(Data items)
+ + +

(* Let $f$, $Q$, $L$, $d_Q$ be as in the context, let $x^*\in Q$ be a minimizer of $f$ over $Q$ with $f^*=f(x^* )$, and let $T\in\mathbb{N}_0$. Run the algorithm described in the context with $\gamma_t=\frac{t+1}{2}$ for all $0\le t\le T+1$. Then \[ f(u_T)-f^*\le\frac{4L_Td_Q(x^* )}{(T+1)(T+2)}+\sum_{t=0}^{T-1}\frac{4(L_t-L_{t+1})}{(T+1)(T+2)}\Big(d_Q(z_{t+1})-\tfrac12\|z_t-\hat x_{t+1}\|^2\Big). \]
   Context: $\mathbb{R}^n$ carries the standard scalar product $\langle\cdot,\cdot\rangle$ and a (possibly different) norm $\|\cdot\|$, with dual norm $\|u\|_*=\max\{\langle u,x\rangle:\|x\|=1\}$. $Q\subseteq\mathbb{R}^n$ is closed and convex; $f:\mathbb{R}^n\to\mathbb{R}$ is convex, differentiable, attains its minimum on $Q$, and $L>0$ satisfies $\|\nabla f(x)-\nabla f(y)\|_*\le L\|x-y\|$ for all $x,y\in Q$. A distance-generating function for $Q$ is $d_Q:Q\to\mathbb{R}_{\ge0}$ that is continuous on $Q$, strongly convex with modulus 1 w.r.t. $\|\cdot\|$, and whose subdifferential admits a continuous selection $d_Q'$ on $Q^o:=\{x\in Q:\partial d_Q(x)\neq\emptyset\}$. For $z\in Q^o$, $V_z(x)=d_Q(x)-d_Q(z)-\langle d_Q'(z),x-z\rangle$ and $\mathrm{Prox}_{Q,z}(s)=\arg\min_{x\in Q}\{\langle s,x-z\rangle+V_z(x)\}$. The $d_Q$-center is $c(d_Q)=\arg\min_{x\in Q}d_Q(x)$, and it is assumed that $d_Q(c(d_Q))=0$. Algorithm (with weights $(\gamma_t)_{t=0}^{T+1}$, $\Gamma_t:=\sum_{k=0}^t\gamma_k$): set $L_0=L$, $x_0=c(d_Q)$, $u_0=\arg\min_{x\in Q}\{\gamma_0(f(x_0)+\langle\nabla f(x_0),x-x_0\rangle)+L_0d_Q(x)\}$, $z_0=u_0$, $\tau_0=\gamma_1/\Gamma_1$, $x_1=\tau_0z_0+(1-\tau_0)u_0$, $\hat x_1=\mathrm{Prox}_{Q,z_0}(\gamma_1\nabla f(x_1)/L_0)$, $u_1=\tau_0\hat x_1+(1-\tau_0)u_0$. For $t=1,\dots,T$: choose $0<L_t\le L$ with $f(u_t)\le f(x_t)+\langle\nabla f(x_t),u_t-x_t\rangle+\frac{L_t}{2}\|u_t-x_t\|^2$; set $z_t=\arg\min_{x\in Q}\{\sum_{k=0}^t\gamma_k(f(x_k)+\langle\nabla f(x_k),x-x_k\rangle)+L_td_Q(x)\}$; set $\tau_t=\gamma_{t+1}/\Gamma_{t+1}$ and $x_{t+1}=\tau_tz_t+(1-\tau_t)u_t$; set $\hat x_{t+1}=\mathrm{Prox}_{Q,z_t}(\gamma_{t+1}\nabla f(x_{t+1})/L_t)$; set $u_{t+1}=\tau_t\hat x_{t+1}+(1-\tau_t)u_t$. *)

theory Defs
  imports "HOL-Analysis.Analysis"
begin
section \<open>Two-word languages that do not factor\<close>

text \<open>Otherwise both words split at the same position into nonempty parts, and the cross product
  of the first part of x with the second part of y is x or y, forcing equal first or equal
  last letters.\<close>
lemma conc_eq_doubleton:
  assumes eq: "conc A B = {x, y}" and "length x = length y" and "x \<noteq> []"
    and hd: "hd x \<noteq> hd y" and last: "last x \<noteq> last y"
  shows "A = {x, y} \<or> B = {x, y}"
proof -
  have mem: "u @ v \<in> {x, y}" if "u \<in> A" "v \<in> B" for u v
    using eq that unfolding conc_def by blast
  have len: "length u + length v = length x" if "u \<in> A" "v \<in> B" for u v
    using mem[OF that] assms(2) by auto
  obtain u1 v1 where x: "x = u1 @ v1" "u1 \<in> A" "v1 \<in> B"
    using eq unfolding conc_def by blast
  obtain u2 v2 where y: "y = u2 @ v2" "u2 \<in> A" "v2 \<in> B"
    using eq unfolding conc_def by blast
  consider "[] \<in> A" | "[] \<in> B" | "[] \<notin> A" "[] \<notin> B" by blast
  then show ?thesis
  proof cases
    case 1
    then have "A = {[]}" using len[OF _ x(3)] len[OF 1 x(3)] by fastforce
    then show ?thesis using eq by simp
  next
    case 2
    then have "B = {[]}" using len[OF x(2)] len[OF x(2) 2] by fastforce
    then show ?thesis using eq by simp
  next
    case 3
    then have ne: "u1 \<noteq> []" "u2 \<noteq> []" "v1 \<noteq> []" "v2 \<noteq> []" using x y by auto
    have "length u1 = length u2"
      using len[OF x(2) x(3)] len[OF x(2) y(3)] len[OF y(2) y(3)] by simp
    moreover have "u1 @ v2 = x \<or> u1 @ v2 = y" using mem[OF x(2) y(3)] by simp
    ultimately have "v1 = v2 \<or> u1 = u2" using x y by auto
    with x y ne hd last show ?thesis by auto
  qed
qed
(* Let $A\in\mathbb{R}^{n\times n}$, $B\in\mathbb{R}^{n\times m}$ with $(A,B)$ controllable, and let $T>0$. Then the pair $\big(A_{d,T},\,[B_{d,T}\ \ B_{i,T}]\big)$ is controllable if and only if $$\ker\begin{bmatrix} A_{d,T}^\top-e^{\mu T}I\\ (\widetilde{A}_{T}B)^\top\\ B^\top\end{bmatrix}=\{0\}\quad(\text{kernel taken in }\mathbb{C}^n)$$ for every $\mu$ in the set $\{\lambda\in\sigma(A)\ :\ \exists\,(\ell,\gamma)\in\mathbb{Z}\times(\sigma(A)\setminus\{\lambda\})\text{ such that }(\lambda-\gamma)T=2i\pi\ell\}$. (If this set is empty, the pair is controllable.)
   Context: For $T>0$ define $\widetilde{A}_T:=\int_0^T e^{A\tau}\,d\tau$, $A_{d,T}:=e^{AT}$, $B_{d,T}:=\widetilde{A}_T B$, $B_{i,T}:=A_{d,T}B$. These are the matrices of the exact discretization $x_{k+1}=A_{d,T}x_k+B_{d,T}u_{c_k}+B_{i,T}u_{i_k}$ of $\dot x=Ax+Bu$ under the input $u(t)=u_{c_k}+\delta(t-kT)u_{i_k}$ on $[kT,(k+1)T)$. $\sigma(A)$ denotes the spectrum of $A$ and $I$ the identity matrix. *)

theory Defs
  imports "HOL-Analysis.Analysis"
begin

text \<open>Matrices are HOL-Analysis Cartesian matrices: a real n x m matrix has type
  real^'m^'n (rows indexed by 'n). Note that the built-in multiplication on vectors
  is componentwise, so powers and the exponential of a matrix are defined here using
  the matrix product.\<close>

primrec matpow :: "real^'n^'n \<Rightarrow> nat \<Rightarrow> real^'n^'n" where
  "matpow A 0 = mat 1"
| "matpow A (Suc k) = A ** matpow A k"

definition mexp :: "real^'n^'n \<Rightarrow> real^'n^'n" where
  "mexp M = (\<Sum>k. (1 / fact k) *\<^sub>R matpow M k)"

definition Atil :: "real^'n^'n \<Rightarrow> real \<Rightarrow> real^'n^'n" where
  "Atil A T = integral {0..T} (\<lambda>\<tau>. mexp (\<tau> *\<^sub>R A))"

definition Ad :: "real^'n^'n \<Rightarrow> real \<Rightarrow> real^'n^'n" where
  "Ad A T = mexp (T *\<^sub>R A)"

definition Bd :: "real^'n^'n \<Rightarrow> real^'m^'n \<Rightarrow> real \<Rightarrow> real^'m^'n" where
  "Bd A B T = Atil A T ** B"

definition Bi :: "real^'n^'n \<Rightarrow> real^'m^'n \<Rightarrow> real \<Rightarrow> real^'m^'n" where
  "Bi A B T = Ad A T ** B"

definition controllable :: "real^'n^'n \<Rightarrow> real^'m^'n \<Rightarrow> bool" where
  "controllable A B \<longleftrightarrow>
     span {matpow A k *v (B *v u) | k u. k < CARD('n)} = (UNIV :: (real^'n) set)"

definition hcat :: "'a^'m^'n \<Rightarrow> 'a^'p^'n \<Rightarrow> 'a^('m + 'p)^'n" where
  "hcat B1 B2 = (\<chi> i j. case j of Inl a \<Rightarrow> B1 $ i $ a | Inr b \<Rightarrow> B2 $ i $ b)"

definition vcat :: "'a^'n^'r \<Rightarrow> 'a^'n^'s \<Rightarrow> 'a^'n^('r + 's)" where
  "vcat M1 M2 = (\<chi> i. case i of Inl a \<Rightarrow> M1 $ a | Inr b \<Rightarrow> M2 $ b)"

definition cmat :: "real^'m^'n \<Rightarrow> complex^'m^'n" where
  "cmat M = (\<chi> i j. complex_of_real (M $ i $ j))"

definition spec :: "real^'n^'n \<Rightarrow> complex set" where
  "spec A = {c. \<exists>v :: complex^'n. v \<noteq> 0 \<and> cmat A *v v = c *s v}"

end

theory Submission
  imports Defs "HOL-Computational_Algebra.Fundamental_Theorem_Algebra"
begin

(* By the Hautus test, (X, H) is controllable iff no left eigenvector of X annihilates H.
   Let v be a left eigenvector of e^(AT) with eigenvalue z annihilating B_d and B_i = e^(AT) B.
   Then z = e^(cT) for an eigenvalue c of A, and v^T B_i = z v^T B, so v also annihilates B.
   If c is not resonant, i.e. no other eigenvalue of A differs from c by a multiple of 2 pi i / T,
   then the e^(cT)-eigenspace of e^(AT) consists of eigenvectors of A for c (the exponential
   neither merges distinct eigenvalues nor keeps a Jordan chain inside an eigenspace), and v
   would contradict the Hautus test for (A, B). So only resonant eigenvalues can obstruct
   controllability, and for them the obstruction is exactly a nonzero vector in the kernel. *)

lemma of_real_smult_eq_scaleR: "of_real r *s (v :: 'a::real_algebra_1^'n) = r *\<^sub>R v"
  unfolding vec_eq_iff vector_smult_component vector_scaleR_component
  by (simp add: scaleR_conv_of_real)

lemma linear_vector_matrix_mult: "Vector_Spaces.linear (*s) (*s) (\<lambda>x::'a::field^'m. x v* M)"
proof -
  have "(\<lambda>x. x v* M) = (*v) (transpose M)" by auto
  then show ?thesis using vec.linear_axioms[of "transpose M"] by simp
qed

lemma vector_matrix_mat: "v v* mat c = c *s (v :: 'a::comm_ring_1^'n)"
proof -
  have "v $ i * (if i = j then c else 0) = (if i = j then v $ i * c else 0)" for i j
    by simp
  then show ?thesis by (simp add: vec_eq_iff vector_matrix_mult_def mat_def mult.commute)
qed

lemma left_eigenspace_subspace: "vec.subspace {y. y v* M = z *s y}"
  by (auto simp: vec.subspace_def vector_matrix_left_distrib vector_add_ldistrib
      scalar_vector_matrix_assoc vector_smult_assoc mult.commute)

lemma linearly_dependent_family:
  fixes K :: "nat \<Rightarrow> 'a::euclidean_space"
  assumes "DIM('a) < N"
  obtains a where "\<exists>j<N. a j \<noteq> 0" "(\<Sum>j<N. a j *\<^sub>R K j) = 0"
proof (cases "inj_on K {..<N}")
  case True
  then have "\<not> independent (K ` {..<N})"
    using independent_bound[of "K ` {..<N}"] assms by (auto simp: card_image)
  then obtain u where u: "\<exists>v\<in>K ` {..<N}. u v \<noteq> 0" "(\<Sum>v\<in>K ` {..<N}. u v *\<^sub>R v) = 0"
    using dependent_finite[of "K ` {..<N}"] by auto
  show ?thesis
  proof (rule that[of "\<lambda>j. u (K j)"])
    show "\<exists>j<N. u (K j) \<noteq> 0" using u(1) by auto
    show "(\<Sum>j<N. u (K j) *\<^sub>R K j) = 0" using u(2) by (simp add: sum.reindex[OF True])
  qed
next
  case False
  then obtain i j where ij: "i < N" "j < N" "i \<noteq> j" "K i = K j" by (auto simp: inj_on_def)
  let ?a = "\<lambda>t. (if t = i then 1 else 0) - (if t = j then 1 else 0) :: real"
  have "?a t *\<^sub>R K t = (if t = i then K t else 0) - (if t = j then K t else 0)" for t
    by (simp add: scaleR_diff_left)
  then have "(\<Sum>t<N. ?a t *\<^sub>R K t) = 0"
    using ij by (simp add: sum_subtractf)
  moreover have "\<exists>t<N. ?a t \<noteq> 0" using ij by auto
  ultimately show ?thesis by (intro that[of ?a])
qed

definition poly_apply :: "('a::comm_ring_1^'n \<Rightarrow> 'a^'n) \<Rightarrow> 'a poly \<Rightarrow> 'a^'n \<Rightarrow> 'a^'n" where
  "poly_apply f p w = (\<Sum>j\<le>degree p. coeff p j *s (f ^^ j) w)"

lemma poly_apply_bound:
  assumes "degree p < N"
  shows "poly_apply f p w = (\<Sum>j<N. coeff p j *s (f ^^ j) w)"
  unfolding poly_apply_def
  by (rule sum.mono_neutral_left) (use assms in \<open>auto simp: coeff_eq_0\<close>)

+ + +

## Work request
Show every line above in which the word "True" occurs.

## Task result
  case True
    show "(\<Sum>j<N. u (K j) *\<^sub>R K j) = 0" using u(2) by (simp add: sum.reindex[OF True])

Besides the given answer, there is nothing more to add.